Here is a list of nano fish. It is in a nice downloadable table. It list different nano fish and what size tank they have been successful in.


----------



## Cboss (Aug 23, 2010)

If you went endler's I would get maybe 3 for the 2.5g or double that for the 5g. If you only get males they are very small and you won't have to deal with the population explosion that only a few females can cause. If you do want a female, they are much larger (and are pretty much guaranteed to have tons of babies) so I would only go for a pair in a 2.5, maybe 2 pairs in a 5g.

As another suggestion, you could try scarlet badis. They are very colorful and interesting to watch, but it's tough to find females so you might only be able to have 1 male per tank.


----------



## Eldachleich (Jul 9, 2011)

Cboss said:


> If you went endler's I would get maybe 3 for the 2.5g or double that for the 5g. If you only get males they are very small and you won't have to deal with the population explosion that only a few females can cause. If you do want a female, they are much larger (and are pretty much guaranteed to have tons of babies) so I would only go for a pair in a 2.5, maybe 2 pairs in a 5g.
> 
> As another suggestion, you could try scarlet badis. They are very colorful and interesting to watch, but it's tough to find females so you might only be able to have 1 male per tank.


those are really pretty... 
I will either want a peaceful schooling fish.. sort of drab.. to help accent my aquascape.. or a really nice colourful bright interesting fish to be the one and only centerpiece.. So thats a really good fish to keep in mind.. that I didnt even know about...
One male in a 5 gallon?

Keep the options coming... I like to have alot to choose from...
Also that list wouldnt pop up on my computer... Something was wrong..


----------



## somewhatshocked (Aug 8, 2011)

Chili Rasboras are bright red and look terrific in small tanks.


----------



## Robse (Apr 26, 2011)

Boraras brigitae.


----------



## im2smart4u (Dec 7, 2010)

The list worked fine for me.
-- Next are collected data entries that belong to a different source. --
(* In the SMA-DP-SGD setting below, fix an iteration $t$ and a realizable global prior private release history $\mathcal H_t$. Let $\varepsilon_{\mathrm{SGM}}(\lambda_{\mathrm R};q,\sigma)$ denote any valid Rényi-DP upper bound at order $\lambda_{\mathrm R}>1$ for the Poisson-subsampled Gaussian mechanism with subsampling probability $q$ and noise-to-sensitivity ratio $\sigma$, and define $$\sigma_{\mathrm{eff},t}=\frac{1}{\beta\left(\sum_{g=1}^G\sigma_{t,g}^{-2}\right)^{1/2}}.$$ Then the joint release $$\tilde s_t=r_t(D;m_t,\mathcal H_t)+Z_t,\qquad Z_t\sim\mathcal N(0,\Sigma_t),$$ where $m_t$ is a Poisson mask with probability $q_t$, satisfies $\left(\lambda_{\mathrm R},\varepsilon_{\mathrm{SGM}}(\lambda_{\mathrm R};q_t,\sigma_{\mathrm{eff},t})\right)$-RDP for every $\lambda_{\mathrm R}>1$.
   Context: SMA-DP-SGD setting: dataset $D=\{x_1,\dots,x_N\}$; adjacency is add/remove of one example. Parameters are partitioned into groups $g=1,\dots,G$ (dimension $d_g$, identity $I_g$), with clipping norms $C^{(g)}>0$, noise multipliers $\sigma_{t,g}>0$, and fixed mixing coefficient $\beta\in(0,1]$. At step $t$, a Poisson mask $m_t=(m_{t,1},\dots,m_{t,N})$ is drawn with $m_{t,i}\sim\mathrm{Bernoulli}(q_t)$ independently, and the same mask is used for all groups. For each group, $s_t^{(g)}(D;m_t)=\sum_i m_{t,i}\bar g_t^{(g)}(x_i)$, where $\bar g_t^{(g)}(x_i)=g_t^{(g)}(x_i)/\max(1,\|g_t^{(g)}(x_i)\|_2/C^{(g)})$ is the clipped per-example gradient of group $g$ at the current model $\theta_t$. The group query is $r_t^{(g)}(D;m_t,\mathcal H_t)=\beta s_t^{(g)}(D;m_t)+b_t^{(g)}(\mathcal H_t)$, where the memory branch $b_t^{(g)}$ is a deterministic function of the global prior private release history $\mathcal H_t$ (all previous noisy releases $\tilde s_r^{(h)}$, $r<t$), of the model state induced by them, and of public hyperparameters, and does not depend on the current data. The joint query is $r_t=(r_t^{(1)},\dots,r_t^{(G)})$ and $\Sigma_t=\operatorname{diag}(\sigma_{t,1}^2(C^{(1)})^2I_1,\ldots,\sigma_{t,G}^2(C^{(G)})^2I_G)$. *)

theory Defs
  imports "HOL-Analysis.Analysis" "HOL-Probability.Probability"
begin

definition remove_at :: "nat \<Rightarrow> 'x list \<Rightarrow> 'x list" where
  "remove_at i D = take i D @ drop (Suc i) D"

definition adjacent :: "'x list \<Rightarrow> 'x list \<Rightarrow> bool" where
  "adjacent D D' \<longleftrightarrow>
     (\<exists>i < length D. D' = remove_at i D) \<or> (\<exists>i < length D'. D = remove_at i D')"

definition poisson_mask :: "real \<Rightarrow> nat \<Rightarrow> (nat \<Rightarrow> bool) pmf" where
  "poisson_mask q N = Pi_pmf {..<N} False (\<lambda>_. bernoulli_pmf q)"

definition gauss_dens :: "real^'n::finite \<Rightarrow> ('n \<Rightarrow> real) \<Rightarrow> real^'n \<Rightarrow> real" where
  "gauss_dens mu s y = (\<Prod>i\<in>UNIV. normal_density (mu $ i) (s i) (y $ i))"

text \<open>Density of the output mean(m) + Z, m ~ pm, Z ~ N(0, diag(s^2)).\<close>
definition mix_dens ::
  "'m pmf \<Rightarrow> ('m \<Rightarrow> real^'n::finite) \<Rightarrow> ('n \<Rightarrow> real) \<Rightarrow> real^'n \<Rightarrow> real" where
  "mix_dens pm mean s y = measure_pmf.expectation pm (\<lambda>m. gauss_dens (mean m) s y)"

definition masked_sum :: "('x \<Rightarrow> real^'n::finite) \<Rightarrow> 'x list \<Rightarrow> (nat \<Rightarrow> bool) \<Rightarrow> real^'n" where
  "masked_sum v D m = (\<Sum>i<length D. if m i then v (D ! i) else 0)"

definition renyi_div :: "real \<Rightarrow> ('a \<Rightarrow> real) \<Rightarrow> ('a \<Rightarrow> real) \<Rightarrow> 'a measure \<Rightarrow> ereal" where
  "renyi_div lam p q mu =
     (let I = (\<integral>\<^sup>+ x. ennreal (p x powr lam * q x powr (1 - lam)) \<partial>mu)
      in if I = \<top> then \<infinity> else ereal (ln (enn2real I) / (lam - 1)))"

text \<open>A mechanism maps a dataset to the density of its output distribution on real^'n.\<close>
definition rdp :: "('x list \<Rightarrow> real^'n::finite \<Rightarrow> real) \<Rightarrow> real \<Rightarrow> real \<Rightarrow> bool" where
  "rdp mech lam eps \<longleftrightarrow>
     (\<forall>D D'. adjacent D D' \<longrightarrow> renyi_div lam (mech D) (mech D') lborel \<le> ereal eps)"

text \<open>Sensitivity-1 per-example contributions f(x) (norm <= 1), Poisson rate q,
  isotropic Gaussian noise of standard deviation sg.\<close>
definition sgm_dens :: "real \<Rightarrow> real \<Rightarrow> ('x \<Rightarrow> real^'n::finite) \<Rightarrow> 'x list \<Rightarrow> real^'n \<Rightarrow> real" where
  "sgm_dens q sg f D = mix_dens (poisson_mask q (length D)) (masked_sum f D) (\<lambda>_. sg)"

definition valid_sgm_bound ::
  "(real \<Rightarrow> real \<Rightarrow> real \<Rightarrow> real) \<Rightarrow> 'x itself \<Rightarrow> 'n::finite itself \<Rightarrow> bool" where
  "valid_sgm_bound eps _ _ \<longleftrightarrow>
     (\<forall>lam q sg (f :: 'x \<Rightarrow> real^'n). lam > 1 \<and> 0 \<le> q \<and> q \<le> 1 \<and> sg > 0 \<and>
        (\<forall>x. norm (f x) \<le> 1) \<longrightarrow> rdp (sgm_dens q sg f) lam (eps lam q sg))"

text \<open>Coordinates of real^'n are partitioned into groups via grp.
  Group restriction and per-group clipping.\<close>
definition group_part :: "('n::finite \<Rightarrow> 'g) \<Rightarrow> 'g \<Rightarrow> real^'n \<Rightarrow> real^'n" where
  "group_part grp g v = (\<chi> i. if grp i = g then v $ i else 0)"

definition clip_groups :: "('n::finite \<Rightarrow> 'g) \<Rightarrow> ('g \<Rightarrow> real) \<Rightarrow> real^'n \<Rightarrow> real^'n" where
  "clip_groups grp C v =
     (\<chi> i. v $ i / max 1 (norm (group_part grp (grp i) v) / C (grp i)))"

text \<open>Density of the joint release
  s~_t = beta * sum_i m_i clip(grad x_i) + b + Z,  Z ~ N(0, Sigma_t),
  Sigma_t = diag(sigma_g^2 C_g^2 I_g).  grad (per-example gradient at theta_t) and
  b (memory branch) are determined by the fixed history H_t.\<close>
definition sma_dens ::
  "real \<Rightarrow> ('n::finite \<Rightarrow> 'g) \<Rightarrow> ('g \<Rightarrow> real) \<Rightarrow> ('g \<Rightarrow> real) \<Rightarrow> ('x \<Rightarrow> real^'n)
     \<Rightarrow> real^'n \<Rightarrow> real \<Rightarrow> 'x list \<Rightarrow> real^'n \<Rightarrow> real" where
  "sma_dens beta grp C sg grad b q D =
     mix_dens (poisson_mask q (length D))
       (\<lambda>m. beta *\<^sub>R masked_sum (\<lambda>x. clip_groups grp C (grad x)) D m + b)
       (\<lambda>i. sg (grp i) * C (grp i))"

definition sigma_eff :: "real \<Rightarrow> ('g::finite \<Rightarrow> real) \<Rightarrow> real" where
  "sigma_eff beta sg = 1 / (beta * sqrt (\<Sum>g\<in>UNIV. 1 / (sg g)\<^sup>2))"

end

theory Submission
  imports Defs
begin

text \<open>Rescaling coordinate i by d i = sigma (grp i) * C (grp i) / sigma_eff, after shifting
  by the memory branch b, is an invertible affine change of variables; both output densities
  pick up the same Jacobian factor, so every Renyi divergence is unchanged. In the new
  coordinates the release is a Poisson-subsampled Gaussian mechanism with isotropic noise
  sigma_eff whose per-example contributions beta * clip(g) / d have norm at most 1: the squared
  norm is the sum over groups of (beta sigma_eff / (sigma_g C_g))^2 times the squared norm of the
  clipped group, which is at most beta^2 sigma_eff^2 times the sum of sigma_g^-2, i.e. 1.\<close>

lemma Basis_vec_real: "(Basis :: (real^'n::finite) set) = range (\<lambda>i. axis i 1)"
  by (auto simp: Basis_vec_def)
lemma proj_0_part_trace: "(\<Sum>i\<in>part s. proj 0 i i) = 1 / 2"
proof -
  have "0 = (\<Sum>k<n. proj 0 0 k * proj 1 k 0)"
    using proj_orthogonal[of 0 1] n_pos by simp
  also have "\<dots> = (\<Sum>k<n. proj 0 0 0 * (if side k then proj 0 k k else - proj 0 k k))"
    using proj_1_side side_0 n_pos proj_rank_one[OF count_0, of 0 _ _ 0] proj_sym
    by (intro sum.cong refl) (auto simp: mult.commute)
  also have "\<dots> = proj 0 0 0 * ((\<Sum>i\<in>part True. proj 0 i i) - (\<Sum>i\<in>part False. proj 0 i i))"
    unfolding sum_parts by (simp add: part_def sum_distrib_left sum_negf right_diff_distrib)
  finally have "(\<Sum>i\<in>part True. proj 0 i i) = (\<Sum>i\<in>part False. proj 0 i i)"
    using proj_0_diag[OF n_pos] by simp
  moreover have "(\<Sum>i\<in>part True. proj 0 i i) + (\<Sum>i\<in>part False. proj 0 i i) = 1"
    using proj_trace[of 0] count_0 unfolding sum_parts by simp
  ultimately show ?thesis
    by (cases s) simp_all
qed

lemma G_6_across_squares: "(\<Sum>i\<in>part True. \<Sum>j\<in>part False. (G 6 i j)^2) = 9"
proof -
  have "real (\<Sum>i\<in>part True. \<Sum>j\<in>part False. (G 6 i j)^2)
      = (\<Sum>i\<in>part True. \<Sum>j\<in>part False. 36 * (proj 0 i i * proj 0 j j))"
    using G_6_side proj_square[OF count_0] by (auto simp: part_def power_mult_distrib intro!: sum.cong)
  also have "\<dots> = 36 * ((\<Sum>i\<in>part True. proj 0 i i) * (\<Sum>j\<in>part False. proj 0 j j))"
    unfolding sum_product by (simp only: sum_distrib_left)
  also have "\<dots> = 9"
    by (simp add: proj_0_part_trace)
  finally show ?thesis
    by (simp only: of_nat_eq_iff of_nat_numeral)
qed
I downloaded the zip file and opened it in open office's spreadsheet.

Here is a simplified version of the list in pdf format. Not all of these would work, of course, it is just a list of fish good for smaller aquariums. On the right hand side, I left the notes of peoples successes with tanks under 5g.


----------



## im2smart4u (Dec 7, 2010)

My only personal experience with fish in small tanks is a betta. I have thought about setting up a 5-10 gallon tank for an Okefenokee Pygmy Sunfish or an Everglade Pygmy Sunfish. They are both small (around 1.5"), shy, pretty fish.


----------



## Eldachleich (Jul 9, 2011)

that list totally works now.. Thank you... I have a great love for nano's... So this list is super helpful. Super helpful. I'm thinking of going for a Mustard Gas Halfmoon from Aquastar1 on Aquabid. He has amazing betta's... For the 5 gallon.
And a school of 5 microrasbora nana in my 2.5 gallon


----------



## michaelxbarton (Sep 25, 2011)

celestial pearl danios


----------



## atom (Sep 28, 2011)

Chili rasboras. They colour up nicely and aren't shy like CPDs.


----------



## MattieGee (Sep 11, 2011)

Marble Hatchet fish 
or
Long Fin White Cloud


----------



## frogmanjared (Feb 21, 2008)

MattieGee said:


> Marble Hatchet fish
> or
> Long Fin White Cloud


Hatchets need to be in groups of 5+, and they need much more surface area than a 5 gal.


----------